The Rhode Island School of Design announced earlier this month that it would use a $10 million anonymous donation – the largest ever received by the school earmarked for financial aid – to create the Society of Presidential Fellows, an initiative that would award certain graduate students with a tuition-free education and other opportunities.
Hillary Blumberg, a 1992 RISD alumna also contributed an undisclosed amount that the school called the largest known gift for financial aid made by a RISD graduate. RISD President Rosanne Somerson spoke about the new fellowship program.
PBN: Why did RISD feel it necessary to create the Society of Presidential Fellows?
SOMERSON: RISD’s rigorous form of graduate education produces the world’s greatest creative thinkers, leaders and makers. We’re intent on dramatically enhancing our competitiveness in recruiting and retaining the top tier of prospective graduate students and with this fellowship we can now increase access to this education, bringing unique and critical new voices into our community.
PBN: Who will be eligible and what will be the selection criteria?
SOMERSON: All accepted graduate candidates will be eligible for the fellowship. Selection criteria will be based on the applicant’s competitive ranking within the larger graduate pool based on overall portfolio, experience and other submitted materials. RISD graduate program directors who oversee program admissions will put top candidates forward to an internal jury, who will then select the fellows in the initial phase of the program.
PBN: How many graduate students are enrolled at RISD and how many will be fellows?
SOMERSON: RISD currently enrolls approximately 450 graduate students. Our ambition is to award Presidential Fellowships to the top 10% of our graduate students, and these initial gifts put us on a path toward achieving that goal in the next few years. In the first year, we will award approximately five fellowships and will increase that number as the endowment grows and new gifts are received.
Other admitted applicants may also receive more-modest fellowship awards through our usual funding processes. Our intention is to provide additional pathways to enable top students to attend RISD regardless of socio-economics, building the next generation of creative leaders and practitioners. While we know these fellowships will be highly competitive, our goal is to build the fund over time to reach even more deserving individuals.
PBN: Offering tuition-free graduate studies is, of course, a big feature of this fellowship program, but there will be “professional-development opportunities” for the fellows. Can you be more specific about what those opportunities are?
SOMERSON: Recipients will be connected with alumni mentors and will have access to thought leaders in art and design through special events, building from RISD’s vast network of associates in the art and design realm, as well as guest critics, curators, and artists and designers.

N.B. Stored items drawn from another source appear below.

text \<open>With \<open>v = (u k)\<^sup>2\<close>, one step maps the bound \<open>K / v\<close> to \<open>K / v - (K a - c) / v\<^sup>3\<close>,
  and \<open>K a - c \<ge> K \<delta> / 2\<close> is what \<open>1 / v - 1 / v' \<le> \<delta> / (2 v\<^sup>3)\<close> requires.\<close>

lemma decay_bound_step:
  fixes x x' :: real
  assumes K: "0 \<le> K" "c \<le> K * (a - \<delta> / 2)" and small: "a / (u k)^4 \<le> 1"
    and x: "x \<le> K / (u k)^2" and x': "x' \<le> (1 - a / (u k)^4) * x + c / (u k)^6"
  shows "x' \<le> K / (u (Suc k))^2"
proof -
  define v where "v = (u k)^2"
  define v' where "v' = (u (Suc k))^2"
  have v0: "0 < v" using u_pos[of k] by (simp add: v_def)
  have vsq: "v'^2 = v^2 + \<delta>" using u_Suc_pow4 by (simp add: v_def v'_def flip: power_mult)
  have vv: "v \<le> v'" using u_mono[of k "Suc k"] u_nonneg[of k] by (simp add: v_def v'_def power_mono)
  have u4: "(u k)^4 = v^2" and u6: "(u k)^6 = v^3" by (simp_all add: v_def flip: power_mult)
  have coef: "0 \<le> 1 - a / v^2" using small unfolding u4 by simp
  have "x \<le> K / v" using x by (simp add: v_def)
  have "x' \<le> (1 - a / v^2) * x + c / v^3" using x' unfolding u4 u6 .
  also have "\<dots> \<le> (1 - a / v^2) * (K / v) + c / v^3"
    using \<open>x \<le> K / v\<close> coef by (intro add_right_mono mult_left_mono)
  also have "\<dots> = K / v - (K * a - c) / v^3"
    using v0 by (simp add: field_simps power2_eq_square power3_eq_cube)
  also have "\<dots> \<le> K / v - (K * (\<delta> / 2)) / v^3"
  proof -
    have "K * (\<delta> / 2) \<le> K * a - c" using K(2) by (simp add: algebra_simps)
    then have "(K * (\<delta> / 2)) / v^3 \<le> (K * a - c) / v^3" using v0 by (intro divide_right_mono) auto
    then show ?thesis by linarith
  qed
  also have "\<dots> = K * (1 / v - \<delta> / (2 * v^3))" by (simp add: field_simps)
  also have "\<dots> \<le> K * (1 / v')"
    using inverse_le_of_sq_increment[OF v0 vv vsq] delta_pos K by (intro mult_left_mono) auto
  finally show ?thesis by (simp add: v'_def)
qed
lemma dual_semidirect_iff_defects_vanish:
  "nijenhuis_perm_algebra pscale (dual_semidirect m l r) (map_prod N (dual_map \<beta>)) \<and>
     admissible pscale (dual_semidirect m l r) (map_prod N (dual_map \<beta>)) (map_prod S (dual_map \<alpha>))
   \<longleftrightarrow> defects_vanish"
proof -
  have "(\<forall>p q. nijenhuis_defect (dual_semidirect m l r) (map_prod N (dual_map \<beta>)) p q = 0) \<longleftrightarrow>
      (\<forall>x y. nijenhuis_defect m N x y = 0) \<and> (\<forall>y v. action_admissible_defect r N \<beta> y v = 0) \<and>
      (\<forall>x v. action_admissible_defect r N \<beta> x v - action_admissible_defect l N \<beta> x v = 0)"
    by (rule dual_pair_defect_vanishes_iff) (fact dual_semidirect_nijenhuis_defect)+
  moreover have "(\<forall>p q. admissible_left_defect (dual_semidirect m l r) (map_prod N (dual_map \<beta>))
        (map_prod S (dual_map \<alpha>)) p q = 0) \<longleftrightarrow>
      (\<forall>x y. admissible_left_defect m N S x y = 0) \<and> (\<forall>y v. action_compatibility_defect r S \<alpha> \<beta> y v = 0) \<and>
      (\<forall>x v. action_nijenhuis_defect r N \<alpha> x v - action_nijenhuis_defect l N \<alpha> x v = 0)"
    by (rule dual_pair_defect_vanishes_iff) (fact dual_semidirect_admissible_left_defect)+
  moreover have "(\<forall>p q. admissible_right_defect (dual_semidirect m l r) (map_prod N (dual_map \<beta>))
        (map_prod S (dual_map \<alpha>)) p q = 0) \<longleftrightarrow>
      (\<forall>x y. admissible_right_defect m N S x y = 0) \<and> (\<forall>y v. action_nijenhuis_defect r N \<alpha> y v = 0) \<and>
      (\<forall>x v. action_compatibility_defect r S \<alpha> \<beta> x v - action_compatibility_defect l S \<alpha> \<beta> x v = 0)"
    by (rule dual_pair_defect_vanishes_iff) (fact dual_semidirect_admissible_right_defect)+
  ultimately show ?thesis
    using dual_semidirect_perm_algebra linear_map_prod_pscale[OF linear_N linear_dual_map[OF linear_\<beta>]]
      linear_map_prod_pscale[OF linear_S linear_dual_map[OF linear_\<alpha>]]
      nijenhuis_defect_m
    unfolding nijenhuis_perm_algebra_def nijenhuis_op_iff_defect admissible_iff_defects defects_vanish_def
      right_minus_eq
    by (smt (verit))
qed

PBN: RISD says the fellowship program aligns with the school’s new strategic plan focusing on both enhancing advanced inquiry through its graduate programs and increasing access to these programs. What other steps are being taken toward those goals?
SOMERSON: We are adding new course offerings, hiring new faculty, investing in research support and developing structures to further support faculty professional advancement.
We are also adding cross-divisional “labs” to support new forms of learning and experimentation. This aligns with the launch of our new strategic plan, RISD NEXT: RISD 2020-27, which emphasizes advanced commitments to sustainability and contributing to just societies, and which commits to new knowledge creation in the arts, design, and liberal arts.